Les fêtards connaissent sur le bout des doigts les paroles d'artistes comme l'Oiseau Rare, Eboloko ou Général Ithachi, qui cumulent des millions d'écoutes sur les plateformes et s'imposent comme les nouveaux grands noms de la musique dans le pays.

"En argot, la N'Tcham, c'est la bagarre", explique Essone Obiang de la plateforme de streaming gabonaise Gstore Music.

"C'est une danse née en milieu carcéral qui exprime toute la violence qu'il y a dans les quartiers populaires, les braquages, les agressions", décrypte-t-il.

Sorties de prison, des chorégraphies ont émergé les morceaux de musique.

"C'est comme le hip-hop, on part de la danse, puis il faut qu'on danse sur une musique", explique Essone Obiang qui qualifie le phénomène de "pop du Gabon".

- "Conflit de génération" -

Avec ses "40 millions de streams", L'Oiseau Rare est fier de représenter le patrimoine de son petit pays francophone d'Afrique centrale de deux millions d'habitants.

"La N'Tcham a des instruments propres : des cithares, des flutes et des cuivres et surtout un rythme afrobeat ou dansehall accéléré", explique-t-il à l'AFP.

Et si les artistes manient la langue française dans leurs paroles, la N'Tcham est "principalement basée sur l'argot". Un avantage pour cet artiste qui "maitrise à la perfection", la "langue du ghetto au Gabon".

Passé par un séjour en détention, l'"enfant terrible de Libreville", raconte son vécu dans ses textes et cherche à contrer les préjugés.

"C'est un peu compliqué avec les puristes", souffle l'Oiseau Rare qui regrette "le dénigrement" de cette musique "dont la plupart des artistes viennent du ghetto".
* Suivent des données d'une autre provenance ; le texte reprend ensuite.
(* Let $P$ be a protocol for anonymous transmissions (achieving sender anonymity) among $n$ players in which the only resources available are pairwise shared secret key bits, a reliable broadcast channel and public communication. Then every node of the key-sharing graph $G=(V,E)$ of $P$ has degree at least $2$ (otherwise the anonymity of a player of degree $1$ can be broken by his unique neighbour).
   Context: The key-sharing graph of the protocol is the undirected graph $G=(V,E)$ whose nodes are the players, with an edge between nodes $i$ and $j$ iff $i$ and $j$ share one bit of secret key. Sender anonymity: for an adversary corrupting a set of $t\le n-2$ players not including the sender $s$ and observing all communication $C$ and the randomness $G^t$ of the corrupted players, $\max_S\Pr[S=s\mid G^t,C]=\max_S\Pr[S=s]=1/(n-t)$, maximum over random variables $S$ depending only on $C$ and $G^t$. *)

theory Defs
  imports Complex_Main
begin

text \<open>
Players are 0,...,n-1. The key-sharing graph E is a set of 2-element
sets {i,j} of players; each edge carries one uniformly random secret key bit,
independently.
A protocol runs R rounds of reliable public broadcast; in every round each
player i broadcasts a value computed (deterministically) from the key bits it
holds, its private input (Some m if it is the sender of message m, None
otherwise) and the public communication so far.
\<close>

definition key_graph :: "nat \<Rightarrow> nat set set \<Rightarrow> bool" where
  "key_graph n E \<longleftrightarrow> E \<subseteq> {e. \<exists>i j. i < n \<and> j < n \<and> i \<noteq> j \<and> e = {i, j}}"

definition key_assignments :: "nat set set \<Rightarrow> (nat set \<Rightarrow> bool) set" where
  "key_assignments E = {\<kappa>. \<forall>e. e \<notin> E \<longrightarrow> \<kappa> e = False}"

definition keys_of :: "nat set set \<Rightarrow> nat set \<Rightarrow> (nat set \<Rightarrow> bool) \<Rightarrow> (nat set \<Rightarrow> bool)" where
  "keys_of E T \<kappa> = (\<lambda>e. if e \<in> E \<and> e \<inter> T \<noteq> {} then \<kappa> e else False)"

type_synonym ('m, 'b) protocol =
  "nat \<Rightarrow> (nat set \<Rightarrow> bool) \<Rightarrow> 'm option \<Rightarrow> 'b list list \<Rightarrow> 'b"

primrec run :: "nat \<Rightarrow> ('m, 'b) protocol \<Rightarrow> nat set set \<Rightarrow> (nat \<Rightarrow> 'm option)
                 \<Rightarrow> (nat set \<Rightarrow> bool) \<Rightarrow> nat \<Rightarrow> 'b list list" where
  "run n f E inp \<kappa> 0 = []"
| "run n f E inp \<kappa> (Suc r) = run n f E inp \<kappa> r @
      [map (\<lambda>i. f i (keys_of E {i} \<kappa>) (inp i) (run n f E inp \<kappa> r)) [0..<n]]"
Et au Gabon, le désaveu vient parfois de la scène rap, qui met un point d'orgue à faire bande à part.

"Il y a des rappeurs qui considèrent que les messages véhiculés par la N'Tcham font l'apologie des mauvaises mœurs", explique Fallone Endambo Makata, réalisatrice d'un documentaire sur le sujet.

"Les artistes de N'Tcham, sont héritiers de ce que les rappeurs avaient bâti, aujourd'hui ils ont leur propre langage, leur propre attitude, leurs propres codes, au final, leur propre musique, qui n'a pas grand-chose à voir avec ce qui s'est fait avant, c'est une sorte de conflit de génération", analyse Essone Obiang.

- "Sortir du Gabon" -

Dans un studio du quartier d'Alibandeng à Libreville, Dementos, jeune artiste de 22 ans, s'est récemment lancé dans le mouvement et a vu sa carrière décoller.

"J'ai vraiment eu un parcours boosté. Moi-même, je n'ai rien compris", plaisante-t-il.

Ses sons ont atteint des centaines de milliers d'écoutes en quelques mois et l'artiste rêve de "faire sortir la N'Tcham du Gabon".

"Nous sommes écoutés chez nous, c'est bien, mais il faut découvrir d'autres pays, d'autres horizons. Vraiment, c'est mon combat", s'exclame-t-il.

Pour grossir, les artistes de la N'Tcham mettent au point des stratégies de promotion qui reposent quasi-exclusivement sur les réseaux sociaux.

"Ces jeunes-là ont tout à fait compris l'outil internet. Dès qu'un son sort, il devient quasiment viral", analyse Clancy Bissela, co-fondateur de Bweli Tribe, un média spécialisé dans les musiques urbaines africaines.

Fallone Endambo Makata en est convaincue : "Nous aussi on peut rapporter quelque chose qui vient de chez nous et qui peut s'exporter", avance-t-elle.

"Il n'y a pas plus Gabonais à l'heure actuelle, mais c'est un message qui peut être écouté partout en Afrique, même partout dans le monde. Il suffit juste que ça arrive à l'oreille des gens", s'enthousiasme Clancy Bissela.